Apenas grãos de pólen devem ser deixados entre a lâmina e a lamínula. Em seguida, coloque uma lamínula na corrediça do rolamento da amostra e adicione a quantidade mínima de solução DAPI necessária para preencher o espaço entre a lâmina e a lamínula. Coloque um dedo indicador suavemente na lamínula e faça um movimento rápido e curto.

Coloque a lâmina em uma caixa humana no escuro a quatro graus Celsius por pelo menos 15 minutos. Em seguida, observe a lâmina sob florescência de campo amplo ou microscopia confocal dentro de 24 horas. Mova a amostra dissecada do vidro do relojoeiro para uma placa de vidro com cavidades preenchidas com 1% de SDS e uma solução de hidróxido de sódio 0,2.

Incube durante a noite em temperatura ambiente. A solução de hidróxido de sódio SDS limpará rapidamente as amostras, fazendo com que pareçam transparentes em poucos minutos. Enxágue cuidadosamente a amostra com água e coloque-a em uma lâmina limpa.

Em seguida, adicione 20 a 40 microlitros de solução de coloração à lâmina. Dependendo do órgão floral a ser analisado e das habilidades do pesquisador, este tratamento de SD pode ser realizado antes, para pesquisadores experientes, ou após a etapa de dissecação, para pesquisadores menos experientes. Em seguida, coloque uma lamínula na lâmina, tomando cuidado para não esmagar a preparação.

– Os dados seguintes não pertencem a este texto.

(* Let $\gamma\in C^0(\mathbb{R}/\ell\mathbb{Z},\mathbb{R}^3)$ be a closed curve of length $\Lambda\in(0,\infty)$ whose image is invariant under $R_1$, $R_2$ and $R_3$ (i.e. $R_i\gamma(\mathbb{R}/\ell\mathbb{Z})=\gamma(\mathbb{R}/\ell\mathbb{Z})$ for $i=1,2,3$). Then $\gamma(\mathbb{R}/\ell\mathbb{Z})$ is contained in the closed ball of radius $\Lambda/4$ centered at the origin.
   Context: $R_1=\mathrm{diag}(1,-1,-1)$, $R_2=\mathrm{diag}(-1,1,-1)$, $R_3=\mathrm{diag}(-1,-1,1)$ are the rotations by angle $\pi$ about the coordinate axes of $\mathbb{R}^3$. *)

theory Defs
  imports "HOL-Analysis.Analysis"
begin

text \<open>The rotations by angle pi about the coordinate axes of R^3:
  R1 = diag(1,-1,-1), R2 = diag(-1,1,-1), R3 = diag(-1,-1,1).\<close>

definition R1 :: "real^3^3" where
  "R1 = (\<chi> i j. if i = j then (if i = 1 then 1 else -1) else 0)"

definition R2 :: "real^3^3" where
  "R2 = (\<chi> i j. if i = j then (if i = 2 then 1 else -1) else 0)"

definition R3 :: "real^3^3" where
  "R3 = (\<chi> i j. if i = j then (if i = 3 then 1 else -1) else 0)"

text \<open>Length of a (continuous) curve on [a,b]: supremum over all partitions
  a = t_0 <= t_1 <= ... <= t_n = b of the inscribed polygon lengths
  (value in ereal, so a non-rectifiable curve has length infinity).\<close>

definition curve_length :: "(real \<Rightarrow> 'a::metric_space) \<Rightarrow> real \<Rightarrow> real \<Rightarrow> ereal" where
  "curve_length g a b =
     (SUP tn \<in> {(t, n). t 0 = a \<and> t n = b \<and> (\<forall>i<n. t i \<le> t (Suc i))}.
        ereal (\<Sum>i<snd tn. dist (g (fst tn (Suc i))) (g (fst tn i))))"

end

theory Submission
  imports Defs
begin

text \<open>For a point \<open>x\<close> of the curve, \<open>R1 x\<close> and \<open>R2 x\<close> lie on the curve too, and a closed curve
  through three points is at least as long as the triangle they span. Since
  \<open>R1 + R2 + R3 = -1\<close>, the vectors \<open>x - Ri x\<close> sum to \<open>4 x\<close>, and the side \<open>R1 x - R2 x = R1 (x - R3 x)\<close>
  has the length of \<open>x - R3 x\<close>; so the triangle inequality bounds its perimeter below by \<open>4 |x|\<close>.\<close>

lemma R1_R2_R3_sum: "R1 *v x + R2 *v x + R3 *v x = - x"
  by (simp add: vec_eq_iff forall_3 matrix_vector_mult_def sum_3 R1_def R2_def R3_def)

lemma R1_R3_eq_R2: "R1 *v (R3 *v x) = R2 *v x"
  by (simp add: vec_eq_iff forall_3 matrix_vector_mult_def sum_3 R1_def R2_def R3_def)

lemma norm_R1: "norm (R1 *v x) = norm x"
  by (simp add: norm_vec_def L2_set_def sum_3 matrix_vector_mult_def R1_def)

lemma dist_R1_R2: "dist (R1 *v x) (R2 *v x) = dist x (R3 *v x)"
proof -
  have "R1 *v x - R2 *v x = R1 *v (x - R3 *v x)"
    by (simp add: R1_R3_eq_R2 matrix_vector_mult_diff_distrib)
  then show ?thesis
    by (simp add: dist_norm norm_R1)
qed

lemma four_norm_le_R_triangle_perimeter:
  "4 * norm x \<le> dist x (R1 *v x) + dist (R1 *v x) (R2 *v x) + dist (R2 *v x) x"
proof -
  have "(x - R1 *v x) + (x - R2 *v x) + (x - R3 *v x) = x + x + x - (R1 *v x + R2 *v x + R3 *v x)"
    by (simp add: algebra_simps)
  then have "(x - R1 *v x) + (x - R2 *v x) + (x - R3 *v x) = 4 *\<^sub>R x"
    by (simp add: R1_R2_R3_sum vec_eq_iff)
  then have "4 * norm x = norm ((x - R1 *v x) + (x - R2 *v x) + (x - R3 *v x))"
    by simp
  also have "\<dots> \<le> norm (x - R1 *v x) + norm (x - R2 *v x) + norm (x - R3 *v x)"
    by (meson add_mono norm_triangle_ineq order_trans order_refl)
  finally show ?thesis
    using dist_R1_R2[of x] by (simp add: dist_norm norm_minus_commute)
qed

lemma polygon_le_curve_length:
  assumes "t 0 = a" "t n = b" "\<And>i. i < n \<Longrightarrow> t i \<le> t (Suc i)"
  shows "ereal (\<Sum>i<n. dist (g (t (Suc i))) (g (t i))) \<le> curve_length g a b"
  unfolding curve_length_def
  using assms by (intro SUP_upper2[where i = "(t, n)"]) auto

lemma closed_curve_sorted_triangle_le_length:
  fixes g :: "real \<Rightarrow> 'a::metric_space"
  assumes length: "curve_length g 0 L = ereal Lam" and closed: "g L = g 0"
    and "0 \<le> a" "a \<le> b" "b \<le> c" "c \<le> L"
  shows "dist (g a) (g b) + dist (g b) (g c) + dist (g c) (g a) \<le> Lam"
proof -
  define t :: "nat \<Rightarrow> real" where "t = (\<lambda>i. [0, a, b, c, L] ! i)"
  have "ereal (\<Sum>i<4. dist (g (t (Suc i))) (g (t i))) \<le> curve_length g 0 L"
    using assms by (intro polygon_le_curve_length) (auto simp: t_def less_Suc_eq numeral_eq_Suc)
  then have "dist (g a) (g 0) + dist (g b) (g a) + dist (g c) (g b) + dist (g L) (g c) \<le> Lam"
    using length by (simp add: t_def numeral_eq_Suc add_ac)
  moreover have "dist (g c) (g a) \<le> dist (g L) (g c) + dist (g a) (g 0)"
    using closed dist_triangle[of "g c" "g a" "g 0"] by (simp add: dist_commute)
  ultimately show ?thesis
    by (simp add: dist_commute)
qed

lemma closed_curve_triangle_le_length:
  fixes g :: "real \<Rightarrow> 'a::metric_space"
  assumes length: "curve_length g 0 L = ereal Lam" and closed: "g L = g 0"
    and "p \<in> g ` {0..L}" "q \<in> g ` {0..L}" "r \<in> g ` {0..L}"
  shows "dist p q + dist q r + dist r p \<le> Lam"
proof -
  obtain a b c where abc: "a \<in> {0..L}" "b \<in> {0..L}" "c \<in> {0..L}"
    and "p = g a" "q = g b" "r = g c"
    using assms(3-5) by blast
  have "a \<le> b \<and> b \<le> c \<or> a \<le> c \<and> c \<le> b \<or> b \<le> a \<and> a \<le> c \<or> b \<le> c \<and> c \<le> a
    \<or> c \<le> a \<and> a \<le> b \<or> c \<le> b \<and> b \<le> a"
    by linarith
  then show ?thesis
    using closed_curve_sorted_triangle_le_length[OF length closed, of a b c]
      closed_curve_sorted_triangle_le_length[OF length closed, of a c b]
      closed_curve_sorted_triangle_le_length[OF length closed, of b a c]
      closed_curve_sorted_triangle_le_length[OF length closed, of b c a]
      closed_curve_sorted_triangle_le_length[OF length closed, of c a b]
      closed_curve_sorted_triangle_le_length[OF length closed, of c b a]
      abc \<open>p = g a\<close> \<open>q = g b\<close> \<open>r = g c\<close>
    by (auto simp: dist_commute)
qed

lemma periodic_int_multiple:
  assumes "\<And>t. g (t + L) = g t"
  shows "g (s + of_int k * L) = g s"
proof (induction k rule: int_induct[where k = 0])
  case (step1 i)
  then show ?case
    using assms[of "s + of_int i * L"] by (simp add: algebra_simps)
next
  case (step2 i)
  then show ?case
    using assms[of "s + of_int (i - 1) * L"] by (simp add: algebra_simps)
qed simp

lemma periodic_range_eq:
  fixes L :: real
  assumes "L > 0" and periodic: "\<And>t. g (t + L) = g t"
  shows "range g = g ` {0..L}"
proof (intro equalityI subsetI)
  fix y assume "y \<in> range g"
  then obtain t where "y = g t" by blast
  define k where "k = \<lfloor>t / L\<rfloor>"
  have "of_int k \<le> t / L" "t / L < of_int k + 1"
    unfolding k_def by linarith+
  then have "of_int k * L \<le> t" "t < (of_int k + 1) * L"
    using \<open>L > 0\<close> by (simp_all add: field_simps)
  moreover have "g (t - of_int k * L) = y"
    using periodic_int_multiple[of g L, OF periodic, of "t - of_int k * L" k] \<open>y = g t\<close> by simp
  ultimately show "y \<in> g ` {0..L}"
    by (intro image_eqI[where x = "t - of_int k * L"]) (auto simp: algebra_simps)
qed auto

theorem lemma3p13:
  fixes \<gamma> :: "real \<Rightarrow> real^3" and L Lam :: real
  assumes "L > 0"
    and "continuous_on UNIV \<gamma>"
    and "\<And>t. \<gamma> (t + L) = \<gamma> t"
    and "curve_length \<gamma> 0 L = ereal Lam"
    and "0 < Lam"
    and "(\<lambda>x. R1 *v x) ` (\<gamma> ` UNIV) = \<gamma> ` UNIV"
    and "(\<lambda>x. R2 *v x) ` (\<gamma> ` UNIV) = \<gamma> ` UNIV"
    and "(\<lambda>x. R3 *v x) ` (\<gamma> ` UNIV) = \<gamma> ` UNIV"
  shows "\<gamma> ` UNIV \<subseteq> cball 0 (Lam / 4)"
proof
  fix x assume x: "x \<in> range \<gamma>"
  have range: "range \<gamma> = \<gamma> ` {0..L}"
    using assms(1,3) by (rule periodic_range_eq)
  have "R1 *v x \<in> range \<gamma>" "R2 *v x \<in> range \<gamma>"
    using x assms(6,7) by blast+
  then have "dist x (R1 *v x) + dist (R1 *v x) (R2 *v x) + dist (R2 *v x) x \<le> Lam"
    using x assms(3)[of 0] unfolding range
    by (intro closed_curve_triangle_le_length[OF assms(4)]) auto
  then show "x \<in> cball 0 (Lam / 4)"
    using four_norm_le_R_triangle_perimeter[of x] by simp
qed

end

Em seguida, coloque todas as lâminas preparadas em uma caixa humana coberta com papel alumínio e incube a quatro graus Celsius por uma hora. Finalmente, observe o espécime sob florescência de campo amplo ou microscopia confocal. Após o procedimento de dissecção, descrito no protocolo, os tecidos desnecessários que podem dificultar as observações são removidos e imagens mais detalhadas são obtidas.

Dependendo do objetivo, a coloração com hidrato de cloral pode ser usada para caracterizar o desenvolvimento inicial da flor em todo o nível do botão floral, meiose e gênese de micro-gomedal na antera, desenvolvimento inicial do óvulo e a especificação da célula-mãe megáspora, desenvolvimento feminino go-medificado ou mesmo invasão do tubo polínico da grade central. A coloração combinada de Alexander e a limpeza de quatro anos e meio de Herr permitem a avaliação do aborto de pólen dentro de um determinado lóculo ou antera como um todo. Enquanto os grãos de pólen viáveis mostram um citoplasma vermelho, os abortados mostram um citoplasma vazio e, eventualmente, têm formato irregular e são totalmente esmagados.

A remoção da exina resulta em um aumento da intensidade de coloração dos núcleos e maiores detalhes da organização da cromatina. O uso de uma limpeza de hidróxido de sódio SDS antes da coloração tornou a inflorescência transparente. E resultou em maior coloração de calose nos tecidos florais.

Revelou acúmulos de calose geralmente difíceis de ver. Como a camada de Callose que separa a célula geradora da célula vegetativa. Mesmo quando os grãos de pólen ainda estavam contidos na antera.

Uma vez dominadas, essas técnicas podem ser feitas em menos de 48 horas, se forem executadas corretamente. Ao tentar este procedimento, é importante lembrar que os resultados dependem em grande parte de uma boa preparação da amostra, como usar o fixador adequado, realizar a dissecção adequadamente e isolar o tecido de interesse na lâmina.